VSN’s Media Asset Management software, VSNExplorer MAM, offers all the necessary tools to manage the entire media life-cycle. Its GUI is based on HTML5, allowing users to manage media files within different storage units, also in the Cloud, and to access the platform from any browser and operating system. In addition, its highly scalable and open architecture enables the integration of VSNExplorer MAM with any software and hardware available in the market. This solution is available on-premise or in the Cloud, as pay-per-use in SaaS platforms such as Windows Azure, Amazon or Private Cloud. This model grants higher speed and more flexibility, reducing costs and time-to-market rates.
VSNExplorer MAM has also been integrated with the Artificial Intelligence systems of IBM, Google, Microsoft Azure and Etiqmedia for automatic metadata detection and content cataloging. This systems can also be “trained” (known as machine learning) to automatically detect informacion adapted to user’s needs, such as people first unknown to the system who will be automatically recognized from that moment on. Apart from facial recognition and objects analysis, thanks to AI systems VSNExplorer MAM can also perform advanced searches relying on metadata, automatic speech-to-text, translation and subtitling, advanced Cloud transcoding to different formats or even help on content moderation processes through the detection of sensitive or adult content, among others.

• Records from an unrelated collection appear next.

text \<open>In the coordinates \<open>x = \<ell>\<^sub>1\<close>, \<open>y = \<ell>\<^sub>2 + a\<^sub>0\<^sub>0 Z\<close>, \<open>z = Z\<close>, available because
  \<open>\<ell>\<^sub>1, \<ell>\<^sub>2\<close> are independent, \<open>G\<close> becomes a normal form \<open>N\<close> with \<open>z\<^sup>2 N = f\<^sup>3 - g\<^sup>2\<close>, where
  \<open>f = x\<^sup>2 + y z\<close>. Its singular points are the points \<open>[r : -r\<^sup>2 : 1]\<close> of the conic \<open>f = 0\<close> at
  which the cubic \<open>H(r) = g/z\<^sup>3\<close> (restricted to the conic) vanishes; a triple root of \<open>H\<close> would make
  \<open>G\<close> a square times a conic, contradicting reducedness. In a chart at a root \<open>r\<close>, \<open>G\<close> reads
  \<open>(u\<^sup>2 + v)\<^sup>3 - (u\<^sup>3 + 3/2 u v + H'(r) u + B v)\<^sup>2\<close>: an \<open>a\<^sub>2\<close> germ at a simple root and an
  \<open>a\<^sub>5\<close> germ at a double root (where \<open>B \<noteq> 0\<close>). Both germ equivalences are given by explicit
  injective continuous maps, homeomorphisms onto open sets by invariance of domain.\<close>

section \<open>The normal form\<close>

definition nf_conic :: "complex \<Rightarrow> complex \<Rightarrow> complex \<Rightarrow> complex" where
  "nf_conic x y z = x^2 + y*z"

definition nf_cubic_form :: "complex \<Rightarrow> complex \<Rightarrow> complex \<Rightarrow> complex \<Rightarrow> complex \<Rightarrow> complex \<Rightarrow> complex" where
  "nf_cubic_form \<alpha> \<beta> \<gamma> x y z = x^3 + 3/2*x*y*z + \<alpha>*x*z^2 + \<beta>*y*z^2 + \<gamma>*z^3"

text \<open>With \<open>\<ell>\<^sub>3 = c\<^sub>1 \<ell>\<^sub>1 + c\<^sub>2 \<ell>\<^sub>2\<close>, \<open>G\<close> in the coordinates \<open>x, y, z\<close> is \<open>nf_quartic \<alpha> \<beta> \<gamma>\<close>
  with \<open>\<alpha> = c\<^sub>1 - 3/2 a\<^sub>0\<^sub>0\<close>, \<open>\<beta> = c\<^sub>2\<close>, \<open>\<gamma> = b\<^sub>0\<^sub>0 - c\<^sub>2 a\<^sub>0\<^sub>0\<close>.\<close>
definition nf_quartic :: "complex \<Rightarrow> complex \<Rightarrow> complex \<Rightarrow> complex \<Rightarrow> complex \<Rightarrow> complex \<Rightarrow> complex" where
  "nf_quartic \<alpha> \<beta> \<gamma> x y z = 3/4*x^2*y^2 - 2*\<alpha>*x^4 - 2*\<beta>*x^3*y
     + z*(y^3 - 2*\<gamma>*x^3 - 3*\<alpha>*x^2*y - 3*\<beta>*x*y^2)
     - z^2*(3*\<gamma>*x*y + (\<alpha>*x + \<beta>*y)^2) - 2*\<gamma>*z^3*(\<alpha>*x + \<beta>*y) - \<gamma>^2*z^4"
(* Let $\Theta=\begin{pmatrix} a&c\\ b&d\end{pmatrix}\in GL(2,\mathbb{Z})$ have no eigenvalue of absolute value $1$, and let $M$ be the mapping torus of the self-homeomorphism of the torus $T^2$ induced by $\Theta$ (a closed $\mathbb{S}ol^3$-manifold with $\pi=\pi_1(M)\cong\langle t,x,y\mid txt^{-1}=x^ay^b,\ tyt^{-1}=x^cy^d,\ xy=yx\rangle$). Let $\rho:\pi\to\mathbb{Z}/2\mathbb{Z}$ be the epimorphism with $\rho(t)=1$, $\rho(x)=\rho(y)=0$ (the unique epimorphism factoring through $\pi/\sqrt\pi\cong\mathbb{Z}$). Then $BU(M,\rho)=1$.
   Context: For a closed manifold $N$ and an epimorphism $\phi:\pi_1(N)\to\mathbb{Z}/2\mathbb{Z}$ (equivalently a nonzero class in $H^1(N;\mathbb{F}_2)$), let $N_\phi$ be the associated double cover with covering involution $t_\phi$. The Borsuk–Ulam index $BU(N,\phi)$ is the largest $k$ such that for every continuous map $f:N_\phi\to\mathbb{R}^k$ there is $x\in N_\phi$ with $f(x)=f(t_\phi(x))$. $\sqrt\pi$ denotes the unique maximal abelian normal subgroup of $\pi$ (here $\langle x,y\rangle\cong\mathbb{Z}^2$). *)

theory Defs
  imports "HOL-Analysis.Analysis"
begin

definition BU_index :: "'a topology \<Rightarrow> ('a \<Rightarrow> 'a) \<Rightarrow> nat" where
  "BU_index X t = (GREATEST k. \<forall>f. continuous_map X (Euclidean_space k) f
        \<longrightarrow> (\<exists>x\<in>topspace X. f x = f (t x)))"

definition quot_top :: "('a::topological_space \<Rightarrow> 'a \<Rightarrow> bool) \<Rightarrow> 'a set topology" where
  "quot_top R = topology (\<lambda>U. U \<subseteq> UNIV // {(x,y). R x y} \<and> open (\<Union>U))"

definition Theta_map :: "int \<Rightarrow> int \<Rightarrow> int \<Rightarrow> int \<Rightarrow> real \<times> real \<Rightarrow> real \<times> real" where
  "Theta_map a b c d v = (of_int a * fst v + of_int c * snd v, of_int b * fst v + of_int d * snd v)"

text \<open>Deck transformation t of the universal cover R^2 \<times> R of the mapping torus:
(v,s) \<mapsto> (Theta v, s+1).  x, y act by unit translations of R^2.\<close>
definition t_lift :: "int \<Rightarrow> int \<Rightarrow> int \<Rightarrow> int \<Rightarrow> (real \<times> real) \<times> real \<Rightarrow> (real \<times> real) \<times> real" where
  "t_lift a b c d p = (Theta_map a b c d (fst p), snd p + 1)"
lemma lin_indpt_eigenvectors:
  "\<exists>S. finite S
    \<and> card S = p + q + cdim n W + (\<Sum>\<mu> | eigenvalue B \<mu> \<and> \<mu> \<noteq> 1. kernel_dim (char_matrix B \<mu>))
    \<and> clin_indpt N S \<and> (\<forall>v \<in> S. \<exists>\<mu>. eigenvector B v \<mu>)"
proof -
  interpret VN: vec_space "TYPE(complex)" N .
  let ?L = "{\<mu>. eigenvalue B \<mu>}"
  have "\<exists>b. finite b \<and> b \<subseteq> mat_kernel (char_matrix B \<mu>) \<and> \<not> VN.lin_dep b
      \<and> card b = kernel_dim (char_matrix B \<mu>)" for \<mu>
    by (rule VN.lin_indpt_kernel_card_eq_kernel_dim[OF char_matrix_closed[OF B_carrier]]) blast
  then obtain S where S: "\<And>\<mu>. finite (S \<mu>) \<and> S \<mu> \<subseteq> mat_kernel (char_matrix B \<mu>)
      \<and> \<not> VN.lin_dep (S \<mu>) \<and> card (S \<mu>) = kernel_dim (char_matrix B \<mu>)"
    by metis
  have S': "S \<mu> \<subseteq> mat_kernel (char_matrix B \<mu>) \<and> finite (S \<mu>) \<and> \<not> VN.lin_dep (S \<mu>)" for \<mu>
    using S by blast
  have "card (\<Union>\<mu>\<in>?L. S \<mu>) = (\<Sum>\<mu>\<in>?L. kernel_dim (char_matrix B \<mu>))"
    using VN.card_UN_eigenspaces[OF B_carrier eigenvalues_finite S'] S by simp
  also have "\<dots> = kernel_dim (char_matrix B 1) + (\<Sum>\<mu>\<in>?L - {1}. kernel_dim (char_matrix B \<mu>))"
    using eigenvalue_one eigenvalues_finite by (subst sum.remove[of _ 1]) auto
  also have "?L - {1} = {\<mu>. eigenvalue B \<mu> \<and> \<mu> \<noteq> 1}"
    by auto
  finally have card: "card (\<Union>\<mu>\<in>?L. S \<mu>) = p + q + cdim n W
      + (\<Sum>\<mu> | eigenvalue B \<mu> \<and> \<mu> \<noteq> 1. kernel_dim (char_matrix B \<mu>))"
    unfolding kernel_dim_E1 .
  have "v \<noteq> 0\<^sub>v N" "v \<in> carrier_vec N" "B *\<^sub>v v = \<mu> \<cdot>\<^sub>v v" if "v \<in> S \<mu>" for v \<mu>
    using that S[of \<mu>] VN.zero_notin_lin_indpt mat_kernel_char_matrix_iff[OF B_carrier]
      mat_kernel_carrier[OF char_matrix_closed[OF B_carrier]] by blast+
  then have "\<forall>v \<in> (\<Union>\<mu>\<in>?L. S \<mu>). \<exists>\<mu>. eigenvector B v \<mu>"
    unfolding eigenvector_def using carrier_matD(1)[OF B_carrier] by auto
  moreover have "finite (\<Union>\<mu>\<in>?L. S \<mu>)"
    using eigenvalues_finite S by blast
  moreover have "clin_indpt N (\<Union>\<mu>\<in>?L. S \<mu>)"
    unfolding clin_indpt_def using VN.lin_indpt_UN_eigenspaces[OF B_carrier eigenvalues_finite S'] .
  ultimately show ?thesis
    using card by blast
qed

end

theorem theorem5:
  fixes p n q :: nat and A1 A2 Ph :: "real mat"
  assumes n_pos: "0 < n"
    and A1: "A1 \<in> carrier_mat p n" and A2: "A2 \<in> carrier_mat q n"
    and A1_rank: "vec_space.rank p A1 = n"
    and P_spd: "spd (Pmat A1 - transpose_mat A2 * A2) n"
    and Ph_spd: "spd Ph n"
    and cond: "spd (2 \<cdot>\<^sub>m Ph - Pmat A1 + transpose_mat A2 * A2) n"
  shows
   "let B = cmat (the (mat_inverse (M4cal p n q A1 A2 Ph)) * Acal p n q A1 A2);
        C = cmat (the (mat_inverse Ph) * (Pmat A1 - transpose_mat A2 * A2));
        W = mat_kernel (cmat (Ph - Pmat A1)) \<inter> mat_kernel (cmat A2);
        d = cdim n W;
        E1 = mat_kernel (char_matrix B 1);
        h = (\<Sum>\<mu> | eigenvalue B \<mu> \<and> \<mu> \<noteq> 1. kernel_dim (char_matrix B \<mu>))
    in
    \<comment> \<open>(i)\<close>
    (eigenvalue B 1 \<and> kernel_dim (char_matrix B 1) = p + q + d \<and>
     (\<forall>X Y Z. cbasis p (carrier_vec p) X \<and> cbasis q (carrier_vec q) Z \<and> cbasis n W Y \<longrightarrow>
        cbasis (p + n + q) E1
          ((\<lambda>x. x @\<^sub>v 0\<^sub>v n @\<^sub>v 0\<^sub>v q) ` X \<union> (\<lambda>z. 0\<^sub>v p @\<^sub>v 0\<^sub>v n @\<^sub>v z) ` Z
           \<union> (\<lambda>y. 0\<^sub>v p @\<^sub>v y @\<^sub>v 0\<^sub>v q) ` Y))) \<and>
    \<comment> \<open>(ii)\<close>
    (\<forall>\<mu> v. \<mu> \<noteq> 1 \<longrightarrow>
        (eigenvector B v \<mu> \<longleftrightarrow>
          (\<exists>y. eigenvector C y \<mu> \<and>
               v = (- (cmat A1 *\<^sub>v y)) @\<^sub>v y @\<^sub>v ((1 / (\<mu> - 1)) \<cdot>\<^sub>v (cmat A2 *\<^sub>v y))))) \<and>
    (\<forall>\<mu>. eigenvalue B \<mu> \<and> \<mu> \<noteq> 1 \<longrightarrow>
        kernel_dim (char_matrix B \<mu>) = kernel_dim (char_matrix C \<mu>) \<and>
        kernel_dim (char_matrix B \<mu>) \<le> h) \<and>
    h \<le> n \<and>
    (\<exists>S. finite S \<and> card S = p + q + d + h \<and> clin_indpt (p + n + q) S \<and>
         (\<forall>v \<in> S. \<exists>\<mu>. eigenvector B v \<mu>)) \<and>
    \<comment> \<open>(iii)\<close>
    (\<forall>\<mu>. eigenvalue B \<mu> \<longrightarrow> \<mu> \<in> \<real> \<and> 0 < Re \<mu> \<and> Re \<mu> < 2)"
proof -
  interpret preconditioned_saddle_point p n q A1 A2 Ph
    by unfold_locales (rule n_pos A1 A2 P_spd Ph_spd cond)+
  have le_sum: "kernel_dim (char_matrix B \<mu>)
      \<le> (\<Sum>\<mu> | eigenvalue B \<mu> \<and> \<mu> \<noteq> 1. kernel_dim (char_matrix B \<mu>))"
    if "eigenvalue B \<mu> \<and> \<mu> \<noteq> 1" for \<mu>
    using that eigenvalues_finite by (intro member_le_sum) (auto elim: finite_subset[rotated])
  show ?thesis
    unfolding Let_def
    using eigenvalue_one kernel_dim_E1 E1_basis(1) eigenvector_B_iff kernel_dim_B_eq_C le_sum
      sum_kernel_dims_le lin_indpt_eigenvectors eigenvalue_bounds
    by blast
qed

end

VSNExplorer MAM now includes Wedit, the web video editor integrated within VSNExplorer platform, to boost collaborative work and increase efficiency in media management and video editing through its cloud-based functionalities, whether assets are stored in deep archive, nearline or online files. 100% HTML5, Wedit allows journalists and editors to easily locate and edit media files within a single interface, without necessary changing to an NLE.
Finally, VSNExplorer MAM is completely integrated with the main social media platforms, such as Facebook, YouTube and Twitter, allowing users to share content directly from their MAM interface, automatically converting media files into MP4 and completing the metadata required by these platforms with the metadata detected from each media file.